The magnetic rod E4 comprises a standard aluminium rod to which are secured magnets E5. The magnets are seated in holes in the aluminium rod and are attached to a flat steel rod (not shown) which sits in a groove in the aluminium rod. Module carriage E6 provides a mounting for magnetic rod E4 and motor E1. At the end of the magnetic rod proximal to the module carriage E6 is provided a small carriage part slidably mounted on vertical rail E7. Motor E1 drives threaded axle E2, which passes through nut E3 fixed to the small carriage part of the magnetic rod to provide vertical movement on the vertical rail E7. Module carriage E6 is mounted for horizontal movement along the horizontal rail to enable the entire assembly including magnetic rod E4 and motor E1 to move horizontally. Drive belt J turns over a free pulley N on one side and over a pulley fixed to the axle of the motor on the other side (not shown) to provide horizontal movement along the rail.

FIG. 2(a) shows a perspective view of a pipette head holder without any pipette head attached. Micro switches A and B are provided at a position above where the body of the pipette head will be located. FIG. 2(b) shows a perspective view of a pipette head of volume range 1 (“type 1”) with tab C positioned to cooperate with the micro switches A and B once the pipette head is in place in the pipette head holder. Tab C is designated C1 to signify that this is the tab that identifies the pipette head as type 1.

The pipette head of the instrument is interchangeable. Pipette heads designed for different volume ranges can be attached to the pipette head holder of the instrument in order to enable the instrument to recognise the kind of pipette head that is attached to it. The pipette heads are supplied with steel tabs C of different shapes. As shown in FIG. 2, the tab of a pipette head with the volume range 1 will depress two micro switches (A and B) which are connected to the main circuit board of the instrument. The tabs of pipettes with volume ranges 2 or 3 are somewhat smaller. These tabs will depress only micro switch A or B respectively. Registering which, if any, of the switches A and B are depressed, the instrument can recognise the type of pipette head which is attached. If none of the micro switches are depressed, the instrument will register the absence of a pipette head.

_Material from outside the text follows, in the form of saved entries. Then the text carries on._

(* In the setting described in the context, for all $g,g'\in\mathcal{G}$, $$(g'\circ g)_\star\nu=g'_\star\big(g_\star\nu\big).$$
   Context: Let $(\mathcal{X},\Sigma)$ be a measurable space, $\Phi^t$ a flow on $\mathcal{X}$ (bijective measurable maps, $\Phi^{t_1}\circ\Phi^{t_2}=\Phi^{t_1+t_2}$, jointly measurable), $f_\sharp$ push-forward, $\mu$ an invariant probability measure ($\Phi^t_\sharp\mu=\mu$ for all $t$). Let $h^a$, $a>0$, be bijective measurable maps and $\mathcal{G}$ a group of bijective measurable maps of $\mathcal{X}$ with $h^{a_1}\circ h^{a_2}=h^{a_1a_2}$, $\Phi^t\circ g=g\circ\Phi^t$, $g\circ h^a=h^a\circ g$, $\Phi^t\circ h^a=h^a\circ\Phi^{t/a}$ for all $a,a_1,a_2>0$, $t$, $g\in\mathcal{G}$. $\mathcal{Y}\subset\mathcal{X}$ is a representative set: for every $x$ there is a unique $a=A(x)>0$ with $h^a(x)\in\mathcal{Y}$, $A$ measurable with $\int A\,d\mu<\infty$; $P(x)=h^{A(x)}(x)$. Standing assumption: $\int A\circ g\,d\mu<\infty$ for every $g\in\mathcal{G}$. For a measure $\rho$ and positive measurable $B$ with $0<\int B\,d\rho<\infty$, $\rho_B$ is the probability measure with $d\rho_B/d\rho=B/\int B\,d\rho$. Let $\nu=P_\sharp\mu_A$ (the invariant measure of the normalized flow $P\circ\Phi^\tau_A$ on $\mathcal{Y}$). For $g\in\mathcal{G}$ and a probability measure $\rho$ on $\mathcal{Y}$ with $\int A\circ g\,d\rho<\infty$, define $g_\star\rho=(P\circ g)_\sharp\rho_{A\circ g}$; under the standing assumption, all measures in the claim are well defined. *)

theory Defs
  imports "HOL-Probability.Probability"
begin

definition reweight :: "'a measure \<Rightarrow> ('a \<Rightarrow> real) \<Rightarrow> 'a measure" where
  "reweight \<rho> B = density \<rho> (\<lambda>x. ennreal (B x / (\<integral>y. B y \<partial>\<rho>)))"

definition proj :: "(real \<Rightarrow> 'a \<Rightarrow> 'a) \<Rightarrow> ('a \<Rightarrow> real) \<Rightarrow> 'a \<Rightarrow> 'a" where
  "proj h A x = h (A x) x"

definition gstar :: "'a measure \<Rightarrow> (real \<Rightarrow> 'a \<Rightarrow> 'a) \<Rightarrow> ('a \<Rightarrow> real) \<Rightarrow> ('a \<Rightarrow> 'a)
    \<Rightarrow> 'a measure \<Rightarrow> 'a measure" where
  "gstar M h A g \<rho> = distr (reweight \<rho> (A \<circ> g)) M (proj h A \<circ> g)"

end

theory Submission
  imports Defs
begin

(* Reweighting a push-forward and pushing forward again collapses into a single push-forward
   of one reweighting, with the product of the two densities.
   Since A is homogeneous of degree -1 along h and every g in G commutes with h, we have
   A (g (P x)) * A x = A (g x) and P (g (P x)) = P (g x); hence g_star maps the measure
   (P \<circ> k)_# \<mu>_(A \<circ> k) to (P \<circ> g \<circ> k)_# \<mu>_(A \<circ> g \<circ> k). As \<nu> is the case k = id, both sides
   of the claim equal (P \<circ> g' \<circ> g)_# \<mu>_(A \<circ> g' \<circ> g). *)

lemma reweight_cong:
  assumes "\<And>x. x \<in> space \<rho> \<Longrightarrow> B x = B' x"
  shows "reweight \<rho> B = reweight \<rho> B'"
proof -
  have "(\<integral>x. B x \<partial>\<rho>) = (\<integral>x. B' x \<partial>\<rho>)"
    using assms by (rule Bochner_Integration.integral_cong[OF refl])
  then show ?thesis
    unfolding reweight_def density_def using assms by (simp cong: nn_integral_cong)
qed

lemma distr_reweight_reweight:
  fixes B :: "'a \<Rightarrow> real" and C :: "'b \<Rightarrow> real"
  assumes T: "T \<in> \<rho> \<rightarrow>\<^sub>M N" and S: "S \<in> N \<rightarrow>\<^sub>M K"
    and B: "B \<in> borel_measurable \<rho>" and C: "C \<in> borel_measurable N"
    and B_nonneg: "\<And>x. x \<in> space \<rho> \<Longrightarrow> 0 \<le> B x"
    and C_nonneg: "\<And>y. y \<in> space N \<Longrightarrow> 0 \<le> C y"
    and B_integral_pos: "0 < (\<integral>x. B x \<partial>\<rho>)"
  shows "distr (reweight (distr (reweight \<rho> B) N T) C) K S
       = distr (reweight \<rho> (\<lambda>x. B x * C (T x))) K (S \<circ> T)"
proof -
  note [measurable] = T S B C
  define b where "b = (\<integral>x. B x \<partial>\<rho>)"
  define d where "d = (\<integral>x. B x * C (T x) \<partial>\<rho>)"
  have b_pos: "0 < b" using B_integral_pos by (simp add: b_def)
  have CT_nonneg: "0 \<le> C (T x)" if "x \<in> space \<rho>" for x
    using C_nonneg measurable_space[OF T that] .
  have d_nonneg: "0 \<le> d"
    unfolding d_def using B_nonneg CT_nonneg by (simp add: integral_nonneg)
  have C_integral: "(\<integral>y. C y \<partial>distr (reweight \<rho> B) N T) = d / b"
  proof -
    have "(\<integral>y. C y \<partial>distr (reweight \<rho> B) N T) = (\<integral>x. C (T x) \<partial>reweight \<rho> B)"
      by (rule integral_distr) (simp_all add: reweight_def)
    also have "\<dots> = (\<integral>x. B x / b * C (T x) \<partial>\<rho>)"
      unfolding reweight_def b_def[symmetric]
      by (subst integral_density) (use B_nonneg b_pos in auto)
    also have "\<dots> = d / b"
      by (simp add: d_def)
    finally show ?thesis .
  qed
  have density_product: "ennreal (B x / b) * ennreal (C (T x) / (d / b)) = ennreal (B x * C (T x) / d)"
    if "x \<in> space \<rho>" for x
    using B_nonneg[OF that] CT_nonneg[OF that] b_pos d_nonneg
    by (simp add: ennreal_mult[symmetric] field_simps)
  have "reweight (distr (reweight \<rho> B) N T) C
      = density (distr (density \<rho> (\<lambda>x. ennreal (B x / b))) N T) (\<lambda>y. ennreal (C y / (d / b)))"
    by (simp add: reweight_def[of "distr _ N T"] C_integral) (simp add: reweight_def b_def)
  also have "\<dots> = distr (density \<rho> (\<lambda>x. ennreal (B x / b) * ennreal (C (T x) / (d / b)))) N T"
    by (simp add: density_distr density_density_eq)
  also have "\<dots> = distr (reweight \<rho> (\<lambda>x. B x * C (T x))) N T"
    unfolding reweight_def d_def[symmetric]
    by (intro distr_cong density_cong AE_I2 density_product) simp_all
  finally show ?thesis
    by (simp add: distr_distr reweight_def)
qed

locale representative_set =
  fixes M :: "'a measure" and h :: "real \<Rightarrow> 'a \<Rightarrow> 'a" and Y :: "'a set" and A :: "'a \<Rightarrow> real"
  assumes h_closed: "\<And>a x. a > 0 \<Longrightarrow> x \<in> space M \<Longrightarrow> h a x \<in> space M"
    and h_comp: "\<And>a1 a2 x. a1 > 0 \<Longrightarrow> a2 > 0 \<Longrightarrow> x \<in> space M \<Longrightarrow> h a1 (h a2 x) = h (a1 * a2) x"
    and A_pos: "\<And>x. x \<in> space M \<Longrightarrow> A x > 0"
    and A_rep: "\<And>x. x \<in> space M \<Longrightarrow> h (A x) x \<in> Y"
    and A_unique: "\<And>x a. x \<in> space M \<Longrightarrow> a > 0 \<Longrightarrow> h a x \<in> Y \<Longrightarrow> a = A x"
begin

lemma A_scale:
  assumes x: "x \<in> space M" and a: "a > 0"
  shows "A (h a x) = A x / a"
proof -
  have "h (A x / a) (h a x) = h (A x) x"
    using h_comp[of "A x / a" a x] a A_pos[OF x] x by simp
  then show ?thesis
    using A_unique[OF h_closed[OF a x], of "A x / a"] A_rep[OF x] a A_pos[OF x] by simp
qed

lemma proj_scale:
  assumes x: "x \<in> space M" and a: "a > 0"
  shows "proj h A (h a x) = proj h A x"
  using h_comp[of "A x / a" a x] a A_pos[OF x] x A_scale[OF x a] by (simp add: proj_def)

context
  fixes g :: "'a \<Rightarrow> 'a"
  assumes g_closed: "\<And>x. x \<in> space M \<Longrightarrow> g x \<in> space M"
    and g_h: "\<And>a x. a > 0 \<Longrightarrow> x \<in> space M \<Longrightarrow> g (h a x) = h a (g x)"
begin

lemma g_proj: "x \<in> space M \<Longrightarrow> g (proj h A x) = h (A x) (g x)"
  using g_h A_pos by (simp add: proj_def)

lemma A_g_proj: "x \<in> space M \<Longrightarrow> A (g (proj h A x)) = A (g x) / A x"
  using g_proj A_scale g_closed A_pos by simp

lemma proj_g_proj: "x \<in> space M \<Longrightarrow> proj h A (g (proj h A x)) = proj h A (g x)"
  using g_proj proj_scale g_closed A_pos by simp

end

lemma gstar_distr_reweight:
  assumes \<mu>: "prob_space \<mu>" "sets \<mu> = sets M"
    and A_meas: "A \<in> borel_measurable M" and P_meas: "proj h A \<in> M \<rightarrow>\<^sub>M M"
    and g_meas: "g \<in> M \<rightarrow>\<^sub>M M"
    and g_h: "\<And>a x. a > 0 \<Longrightarrow> x \<in> space M \<Longrightarrow> g (h a x) = h a (g x)"
    and k_meas: "k \<in> M \<rightarrow>\<^sub>M M" and k_int: "integrable \<mu> (A \<circ> k)"
  shows "gstar M h A g (distr (reweight \<mu> (A \<circ> k)) M (proj h A \<circ> k))
       = distr (reweight \<mu> (A \<circ> (g \<circ> k))) M (proj h A \<circ> (g \<circ> k))"
proof -
  interpret prob_space \<mu> by (rule \<mu>(1))
  have space_\<mu>: "space \<mu> = space M" using \<mu>(2) by (rule sets_eq_imp_space_eq)
  have measurable_\<mu>: "measurable \<mu> N = measurable M N" for N :: "'b measure"
    using \<mu>(2) by (rule measurable_cong_sets) simp
  have k_closed: "k x \<in> space M" if "x \<in> space M" for x
    using measurable_space[OF k_meas that] .
  have A_k_pos: "0 < A (k x)" if "x \<in> space M" for x
    using A_pos k_closed that by simp
  have g_closed: "g x \<in> space M" if "x \<in> space M" for x
    using measurable_space[OF g_meas that] .
  have A_k_integral_pos: "0 < (\<integral>x. (A \<circ> k) x \<partial>\<mu>)"
  proof -
    have "AE x in \<mu>. 0 < (A \<circ> k) x"
      using A_k_pos by (intro AE_I2) (simp add: space_\<mu>)
    then show ?thesis
      using integral_less_AE_space[of "\<lambda>_. 0" "A \<circ> k"] k_int by (simp add: emeasure_space_1 comp_def)
  qed
  have "gstar M h A g (distr (reweight \<mu> (A \<circ> k)) M (proj h A \<circ> k))
      = distr (reweight \<mu> (\<lambda>x. (A \<circ> k) x * (A \<circ> g) ((proj h A \<circ> k) x))) M (proj h A \<circ> g \<circ> (proj h A \<circ> k))"
    unfolding gstar_def
    by (rule distr_reweight_reweight)
      (use A_k_integral_pos A_pos k_closed g_closed in \<open>auto simp: measurable_\<mu> space_\<mu> less_imp_le
        intro: measurable_comp[OF k_meas] measurable_comp[OF g_meas] A_meas P_meas\<close>)
  also have "\<dots> = distr (reweight \<mu> (A \<circ> (g \<circ> k))) M (proj h A \<circ> (g \<circ> k))"
    using A_k_pos[THEN less_imp_neq, symmetric] k_closed A_g_proj[OF g_closed g_h] proj_g_proj[OF g_closed g_h]
    by (intro distr_cong reweight_cong) (simp_all add: space_\<mu> reweight_def)
  finally show ?thesis .
qed

end

theorem corollary1:
  fixes M :: "'a measure" and \<mu> :: "'a measure"
    and \<Phi> :: "real \<Rightarrow> 'a \<Rightarrow> 'a" and h :: "real \<Rightarrow> 'a \<Rightarrow> 'a"
    and G :: "('a \<Rightarrow> 'a) set" and Y :: "'a set" and A :: "'a \<Rightarrow> real"
  assumes flow_meas: "\<And>t. \<Phi> t \<in> M \<rightarrow>\<^sub>M M"
    and flow_bij: "\<And>t. bij_betw (\<Phi> t) (space M) (space M)"
    and flow_comp: "\<And>t1 t2 x. x \<in> space M \<Longrightarrow> \<Phi> t1 (\<Phi> t2 x) = \<Phi> (t1 + t2) x"
    and flow_joint: "(\<lambda>(t, x). \<Phi> t x) \<in> (borel \<Otimes>\<^sub>M M) \<rightarrow>\<^sub>M M"
    and mu_prob: "prob_space \<mu>" and mu_sets: "sets \<mu> = sets M"
    and mu_inv: "\<And>t. distr \<mu> M (\<Phi> t) = \<mu>"
    and h_meas: "\<And>a. a > 0 \<Longrightarrow> h a \<in> M \<rightarrow>\<^sub>M M"
    and h_bij: "\<And>a. a > 0 \<Longrightarrow> bij_betw (h a) (space M) (space M)"
    and h_comp: "\<And>a1 a2 x. a1 > 0 \<Longrightarrow> a2 > 0 \<Longrightarrow> x \<in> space M \<Longrightarrow> h a1 (h a2 x) = h (a1 * a2) x"
    and G_meas: "\<And>g. g \<in> G \<Longrightarrow> g \<in> M \<rightarrow>\<^sub>M M"
    and G_bij: "\<And>g. g \<in> G \<Longrightarrow> bij_betw g (space M) (space M)"
    and G_id: "id \<in> G"
    and G_comp: "\<And>g1 g2. g1 \<in> G \<Longrightarrow> g2 \<in> G \<Longrightarrow> g1 \<circ> g2 \<in> G"
    and G_inv: "\<And>g. g \<in> G \<Longrightarrow> \<exists>g'\<in>G. \<forall>x\<in>space M. g' (g x) = x \<and> g (g' x) = x"
    and flow_G: "\<And>t g x. g \<in> G \<Longrightarrow> x \<in> space M \<Longrightarrow> \<Phi> t (g x) = g (\<Phi> t x)"
    and h_G: "\<And>a g x. a > 0 \<Longrightarrow> g \<in> G \<Longrightarrow> x \<in> space M \<Longrightarrow> g (h a x) = h a (g x)"
    and flow_h: "\<And>t a x. a > 0 \<Longrightarrow> x \<in> space M \<Longrightarrow> \<Phi> t (h a x) = h a (\<Phi> (t / a) x)"
    and Y_sets: "Y \<in> sets M"
    and A_meas: "A \<in> borel_measurable M"
    and A_pos: "\<And>x. x \<in> space M \<Longrightarrow> A x > 0"
    and A_rep: "\<And>x. x \<in> space M \<Longrightarrow> h (A x) x \<in> Y"
    and A_unique: "\<And>x a. x \<in> space M \<Longrightarrow> a > 0 \<Longrightarrow> h a x \<in> Y \<Longrightarrow> a = A x"
    and P_meas: "proj h A \<in> M \<rightarrow>\<^sub>M M"
    and A_int: "integrable \<mu> A"
    and A_g_int: "\<And>g. g \<in> G \<Longrightarrow> integrable \<mu> (A \<circ> g)"
    and g: "g \<in> G" and g': "g' \<in> G"
  shows "gstar M h A (g' \<circ> g) (distr (reweight \<mu> A) M (proj h A))
       = gstar M h A g' (gstar M h A g (distr (reweight \<mu> A) M (proj h A)))"
proof -
  interpret representative_set M h Y A
    by unfold_locales (simp_all add: measurable_space[OF h_meas] h_comp A_pos A_rep A_unique)
  have gstar_G: "gstar M h A g1 (distr (reweight \<mu> (A \<circ> k)) M (proj h A \<circ> k))
      = distr (reweight \<mu> (A \<circ> (g1 \<circ> k))) M (proj h A \<circ> (g1 \<circ> k))"
    if g1: "g1 \<in> G" and k: "k \<in> G" for g1 k
    by (rule gstar_distr_reweight[OF mu_prob mu_sets A_meas P_meas G_meas[OF g1] h_G[OF _ g1]
          G_meas[OF k] A_g_int[OF k]])
  let ?\<nu> = "distr (reweight \<mu> A) M (proj h A)"
  have "gstar M h A (g' \<circ> g) ?\<nu> = distr (reweight \<mu> (A \<circ> (g' \<circ> g))) M (proj h A \<circ> (g' \<circ> g))"
    using gstar_G[OF G_comp[OF g' g] G_id] by simp
  also have "\<dots> = gstar M h A g' (distr (reweight \<mu> (A \<circ> g)) M (proj h A \<circ> g))"
    using gstar_G[OF g' g] by simp
  also have "\<dots> = gstar M h A g' (gstar M h A g ?\<nu>)"
    using gstar_G[OF g G_id] by simp
  finally show ?thesis .
qed

end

This is illustrated further in FIG. 3, which shows in perspective view the three possible pipette head types each in place in a pipette head holder. According to the left hand Figure the tab of pipette type I (C1) depresses both micro switch A and B. In the middle Figure, the tab of pipette type 2 depresses only micro switch A. In the right hand Figure, the tab of pipette type 3 depresses only micro switch B.

Claims

1. A pipette head assembly for use in an automated liquid handling device, which assembly comprises a pipette head holder for mounting in the device and a pipette head for locating in the holder, which comprises one or more pipette barrels and associated plungers, wherein the pipette head further comprises a shaped member, the configuration of which uniquely identifies the pipette head, and the holder includes an array of sensors positioned to cooperate with the shaped member when the pipette head is located in the holder so as to detect the configuration of the shaped member for identification of the pipette head by the device.

2. A pipette head assembly according to claim 1, wherein the shaped member of the pipette head comprises one or more projections therefrom.

3. A pipette head assembly according to claim 1, wherein each sensor comprises a switch.

4. A pipette head assembly according to claim 3, wherein the switch is a micro switch.

5. A pipette head assembly according to claim 1, wherein each sensor is operated by contact with the shaped member.

6. A pipette head assembly according to claim 1, wherein the array of sensors is a row of sensors.

7. A pipette head assembly according to claim 1, wherein the array of sensors comprises no more than 5 sensors.

8. A pipette head for use in a pipette assembly according to claim 1, which comprises one or more pipette barrels and associated plungers and further comprises a shaped member, the configuration of which uniquely identifies the pipette head.

9. An automated liquid handling device which comprises a pipette head assembly according to claim 1.